Before the disaster, Tepco was a pillar of Japan’s business establishment, with a virtual monopoly over generating and distributing the electricity used by the world’s biggest urban conglomeration. Its position brought it annual revenues exceeding Y5,000bn ($65bn) and net profit of Y133.8bn and matchless political power.
Today, Tepco is a ward of the state – effectively bankrupted by liability claims but kept in business by a rescue scheme that shifts to taxpayers the up-front costs of cleaning up Fukushima prefecture and compensating victims of the catastrophe, including more than 100,000 people who have been forced from their homes.
With net assets of Y2,516bn at the end of 2009/10 financial year, Tepco has to repay these costs – estimated at Y4,700bn but likely to rise – over a still unspecified number of years, using profits that would otherwise have gone to shareholders, who themselves have been stripped of further dividend payments and hit by an 85 per cent fall in the value of their holdings since the disaster.
Tepco is also saddled with Y9,000bn of gross debt and while the banks have agreed to roll over loans at pre-disaster interest rates, so far they have resisted pressure to write off any debts entirely….

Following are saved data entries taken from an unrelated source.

(* Let $p=p(n)\in[0,1]$ and let $j=j(n)$, $k=k(n)$ be positive integer-valued functions of $n$. If $$\binom{n}{j}\binom{n}{k}\,p^{jk}\to 0\quad(n\to\infty),$$ then almost always $\|\mathcal{N}[G(n,p)]\|$ strong deformation retracts onto a subspace that is the geometric realization of a simplicial complex of dimension at most $j+k-3$.
   Context: For a graph $G$, the neighborhood complex $\mathcal{N}[G]$ is the simplicial complex on vertex set $V(G)$ whose faces are all subsets of $V(G)$ having a common neighbor. $\|\Delta\|$ denotes the geometric realization of a simplicial complex $\Delta$. $G(n,p)$ is the Erdős–Rényi random graph on vertex set $[n]$ with each possible edge present independently with probability $p$. A property holds almost always (a.a.) if its probability tends to $1$ as $n\to\infty$. *)

theory Defs
  imports "HOL-Analysis.Analysis"
begin

definition pairs :: "nat \<Rightarrow> nat set set" where
  "pairs n = {e. \<exists>u v. u < n \<and> v < n \<and> u \<noteq> v \<and> e = {u, v}}"

text \<open>Probability that G(n,p) (edge set E \<subseteq> pairs n, each edge independently
  with probability p) has property P.\<close>
definition Gnp_prob :: "nat \<Rightarrow> real \<Rightarrow> (nat set set \<Rightarrow> bool) \<Rightarrow> real" where
  "Gnp_prob n p P = (\<Sum>E\<in>Pow (pairs n).
      if P E then p ^ card E * (1 - p) ^ (card (pairs n) - card E) else 0)"

definition almost_always :: "(nat \<Rightarrow> real) \<Rightarrow> (nat \<Rightarrow> nat set set \<Rightarrow> bool) \<Rightarrow> bool" where
  "almost_always p P \<longleftrightarrow> (\<lambda>n. Gnp_prob n (p n) (P n)) \<longlonglongrightarrow> 1"

definition nbhd_complex :: "nat \<Rightarrow> nat set set \<Rightarrow> nat set set" where
  "nbhd_complex n E = {\<sigma>. \<sigma> \<subseteq> {0..<n} \<and> (\<exists>v<n. \<forall>u\<in>\<sigma>. {u, v} \<in> E)}"

definition simplicial_complex :: "nat set set \<Rightarrow> bool" where
  "simplicial_complex K \<longleftrightarrow> finite K \<and> (\<forall>\<sigma>\<in>K. finite \<sigma>) \<and> (\<forall>\<sigma>\<in>K. \<forall>\<tau>. \<tau> \<subseteq> \<sigma> \<longrightarrow> \<tau> \<in> K)"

the Fukushima disaster has unleashed forces that could make restoring the status quo impossible, as Japan reconsiders its past embrace of nuclear power and the anti-competitive privileges bestowed on its nine regional electric utilities.
“Going back to business as usual is out of the question,” says a government official involved in administering the Tepco bail-out.
Unsurprisingly, the disaster has turned a majority of Japanese against nuclear power that, before the tsunami, generated about 30 per cent of the country’s electricity.
Tokyo’s policy response has reflected the anti-nuclear mood, but plenty of ambiguity remains. A pre-disaster target of increasing the proportion of Japan’s electricity generated by nuclear power to 50 per cent by 2030 has been scrapped; more support for solar, wind and other renewable-energy technologies has been promised; and an atomic plant near multiple earthquake faults in central Japan has been forced to close for safety upgrades.
Meanwhile, a debate about restructuring the electric power industry has begun….
In the short term, the biggest policy threat to the nuclear industry is local. Since the disaster, Japanese mayors and governors have been blocking utilities from restarting reactors that have shut down for routine safety inspections, and presently only a handful of reactors are producing power. Unless Mr Noda can change local leaders’ minds, the rest will be offline by next May.
At Tepco, only two of the 17 atomic reactors it operated before the tsunami are working, a situation that pushed its costs up by Y210bn in the six months to September 30. This month the utility projected a Y600bn net loss for the year to March 2012, which would bring its losses since the disaster to Y1,847bn. “Normal” looks a long way off.